Joint 120th Annual Cordilleran/74th Annual Rocky Mountain Section Meeting - 2024

Paper No. 6-4
Presentation Time: 9:00 AM-5:30 PM

GEOLOGY AND STABLE CARBON ISOTOPES OF THE RUBY GRAPHITE DEPOSIT, BEAVERHEAD COUNTY, MONTANA


TAYLOR, Mikayla1, GAMMONS, Christopher1 and CHILDS, John2, (1)Department of Geological Engineering, Montana Technological University, 1300 W Park St., Butte, MT 59701, (2)Childs Geoscience Inc., 1700 West koch Street, Suite 6, Bozeman, MT 59715

The Ruby Graphite deposit, formerly known as the Crystal Graphite Mine, produced 2400 tons of high-quality crystalline graphite between 1902 and 1950, making it one of the larger historic graphite producers in the United States. The deposit, located in the southern Ruby Mountains of southwest Montana, is hosted by > 2.1 Ga metasedimentary rocks that experienced sillimanite-grade regional metamorphism.

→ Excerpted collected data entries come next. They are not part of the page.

(* Let $\eta_0,\eta_1,\eta_2,\dots$ be an effective enumeration of closed λ-terms with $\eta_i\twoheadrightarrow_{\beta\eta}\mathtt{I}$ for all $i$. Let $\mathbf{I}^\Omega$ and $\boldsymbol{\eta}^\Omega$ be closed λ-terms (defined via the fixed point combinator) such that $\mathbf{I}^\Omega yx=_\beta[y\Omega^{\sim n}x]_{n\in\mathbb{N}}=[yx,[y\Omega x,[y\Omega\Omega x,\dots]]]$ and $\boldsymbol{\eta}^\Omega yx=_\beta[y\Omega^{\sim n}(\eta_nx)]_{n\in\mathbb{N}}=[y(\eta_0x),[y\Omega(\eta_1x),[y\Omega\Omega(\eta_2x),\dots]]]$. Then $\mathcal{B}\omega\vdash\mathbf{I}^\Omega=\boldsymbol{\eta}^\Omega$.
   Context: $\mathtt{I}=\lambda x.x$, $\Omega=(\lambda x.xx)(\lambda x.xx)$, $M\Omega^{\sim n}$ denotes $M\Omega\cdots\Omega$ ($n$ copies). Pairs/tuples: $[M_1,\dots,M_n]=\lambda z.zM_1\cdots M_n$ with $z$ fresh. An enumeration $(M_n)_n$ of closed terms is effective if there is a closed $F$ with $F\,\underline{n}=_\beta M_n$ for all $n$, where $\underline n=\lambda fz.f^n(z)$ is the Church numeral; then the stream $[M_n]_{n\in\mathbb{N}}$ is a λ-term with $[M_n]_{n\in\mathbb{N}}=_\beta[M_0,[M_{n+1}]_{n\in\mathbb{N}}]$. $\mathcal{B}=\{(M,N):BT(M)=BT(N)\}$; the ω-rule: if $MP=NP$ for all closed $P$ then $M=N$; $\mathcal{B}\omega$ is the least λ-theory containing $\mathcal{B}$ closed under the ω-rule. *)

theory Defs
  imports Main
begin

datatype lterm = Var nat | App lterm lterm | Abs lterm

primrec lift :: "lterm \<Rightarrow> nat \<Rightarrow> lterm" where
  "lift (Var i) k = (if i < k then Var i else Var (i + 1))"
| "lift (App s t) k = App (lift s k) (lift t k)"
| "lift (Abs s) k = Abs (lift s (k + 1))"

primrec subst :: "lterm \<Rightarrow> lterm \<Rightarrow> nat \<Rightarrow> lterm" where
  "subst (Var i) s k = (if k < i then Var (i - 1) else if i = k then s else Var i)"
| "subst (App t u) s k = App (subst t s k) (subst u s k)"
| "subst (Abs t) s k = Abs (subst t (lift s 0) (k + 1))"

primrec closedat :: "lterm \<Rightarrow> nat \<Rightarrow> bool" where
  "closedat (Var i) k = (i < k)"
| "closedat (App s t) k = (closedat s k \<and> closedat t k)"
| "closedat (Abs s) k = closedat s (k + 1)"

definition closed :: "lterm \<Rightarrow> bool" where
  "closed t = closedat t 0"

inductive beta :: "lterm \<Rightarrow> lterm \<Rightarrow> bool" where
  beta_redex: "beta (App (Abs s) t) (subst s t 0)"
| beta_appL: "beta s t \<Longrightarrow> beta (App s u) (App t u)"
| beta_appR: "beta s t \<Longrightarrow> beta (App u s) (App u t)"
| beta_abs: "beta s t \<Longrightarrow> beta (Abs s) (Abs t)"

inductive eta :: "lterm \<Rightarrow> lterm \<Rightarrow> bool" where
  eta_redex: "eta (Abs (App (lift s 0) (Var 0))) s"
| eta_appL: "eta s t \<Longrightarrow> eta (App s u) (App t u)"
| eta_appR: "eta s t \<Longrightarrow> eta (App u s) (App u t)"
| eta_abs: "eta s t \<Longrightarrow> eta (Abs s) (Abs t)"

definition beq :: "lterm \<Rightarrow> lterm \<Rightarrow> bool" where
  "beq = equivclp beta"

definition beta_eta_red :: "lterm \<Rightarrow> lterm \<Rightarrow> bool" where
  "beta_eta_red = (sup beta eta)\<^sup>*\<^sup>*"

definition I_term :: lterm where "I_term = Abs (Var 0)"

definition Omega :: lterm where
  "Omega = App (Abs (App (Var 0) (Var 0))) (Abs (App (Var 0) (Var 0)))"

text \<open>Church numeral lambda f z. f^n z\<close>
definition church :: "nat \<Rightarrow> lterm" where
  "church n = Abs (Abs ((App (Var 1) ^^ n) (Var 0)))"

text \<open>Church successor lambda n f z. f (n f z)\<close>
definition SUCC :: lterm where
  "SUCC = Abs (Abs (Abs (App (Var 1) (App (App (Var 2) (Var 1)) (Var 0)))))"

text \<open>Turing's fixed point combinator Theta = A A with A = lambda x y. y (x x y)\<close>
definition Theta :: lterm where
  "Theta = (let A = Abs (Abs (App (Var 0) (App (App (Var 1) (Var 1)) (Var 0)))) in App A A)"

text \<open>Stream constructor: STREAM F =_beta [F 0, STREAM (lambda k. F (succ k))],
  so that for F representing (M_n)_n, STREAM F is the stream [M_n]_n.\<close>
definition STREAM :: lterm where
  "STREAM = App Theta
     (Abs (Abs (Abs
        (App (App (Var 0) (App (Var 1) (church 0)))
             (App (Var 2) (Abs (App (Var 2) (App SUCC (Var 0)))))))))"

definition stream :: "lterm \<Rightarrow> lterm" where
  "stream F = App STREAM F"

definition app_Omegas :: "lterm \<Rightarrow> nat \<Rightarrow> lterm" where
  "app_Omegas M n = ((\<lambda>t. App t Omega) ^^ n) M"

definition mk_hnf :: "nat \<Rightarrow> nat \<Rightarrow> lterm list \<Rightarrow> lterm" where
  "mk_hnf n v Ms = (Abs ^^ n) (foldl App (Var v) Ms)"

definition has_hnf :: "lterm \<Rightarrow> bool" where
  "has_hnf M = (\<exists>n v Ms. beq M (mk_hnf n v Ms))"

coinductive bt_eq :: "lterm \<Rightarrow> lterm \<Rightarrow> bool" where
  bt_unsolv: "\<not> has_hnf M \<Longrightarrow> \<not> has_hnf N \<Longrightarrow> bt_eq M N"
| bt_hnf: "beq M (mk_hnf n v Ms) \<Longrightarrow> beq N (mk_hnf n v Ns) \<Longrightarrow>
           list_all2 bt_eq Ms Ns \<Longrightarrow> bt_eq M N"

inductive Bomega :: "lterm \<Rightarrow> lterm \<Rightarrow> bool" where
  Bw_B: "bt_eq M N \<Longrightarrow> Bomega M N"
| Bw_refl: "Bomega M M"
| Bw_sym: "Bomega M N \<Longrightarrow> Bomega N M"
| Bw_trans: "Bomega M N \<Longrightarrow> Bomega N P \<Longrightarrow> Bomega M P"
| Bw_appL: "Bomega M N \<Longrightarrow> Bomega (App M Z) (App N Z)"
| Bw_appR: "Bomega M N \<Longrightarrow> Bomega (App Z M) (App Z N)"
| Bw_abs: "Bomega M N \<Longrightarrow> Bomega (Abs M) (Abs N)"
| Bw_omega: "(\<And>P. closed P \<Longrightarrow> Bomega (App M P) (App N P)) \<Longrightarrow> Bomega M N"

end

theory Submission
  imports Defs
begin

The graphite occurs as disseminations in calcitic marble (“flake” graphite), and as veins and replacements (“lump” or “vein” graphite) cutting granite pegmatite, marble, calc-silicate gneiss, and biotite gneiss. At one location, pods and veins of graphite occur within a skarn assemblage of coarse grained actinolite-clinopyroxene-clinozoisite. This skarn is limited in extent, and its relationship with the surrounding gneissic country rock is undetermined. Using a cavity ring-down spectrometer, the d13C values of 12 lump graphite and 2 flake graphite samples are -8.2 to -5.6‰ (avg. -6.5‰) and -6.7 to -5.3‰ (avg. -6.0‰), respectively. As yet, no statistical differences can be found in d13C for graphite from different modes of occurrence. The d13C of calcite marble cropping out near the graphite occurrences is -1.3 to 0.0 ‰ (n = 4), values that are typical of marine limestone. If we assume that the graphite was in carbon-isotopic equilibrium with the marbles, then this amount of isotopic separation corresponds to a temperature of 440 to 540°C, depending on the choice of experimental fractionation data. This temperature range is 120 to 300°C lower than the estimated peak temperature of metamorphism in the Ruby Mountains, which suggests that the graphite likely formed during a younger, retrograde event. There are few clues remaining as to the nature of the fluids involved in this event, however, since the veins are almost pure graphite, and there is little evidence of hydrothermal alteration, apart from the one isolated skarn deposit. Examination of hand samples and thin sections shows that some graphite preferentially replaces precursor minerals that contain ferrous iron, such as biotite and garnet. Locally, deposition of graphite could have been a redox reaction: 4Fe2+ + 4H+ + CO2 = C + 4Fe3+ + 2H2O. Other mechanisms are possible and are being evaluated.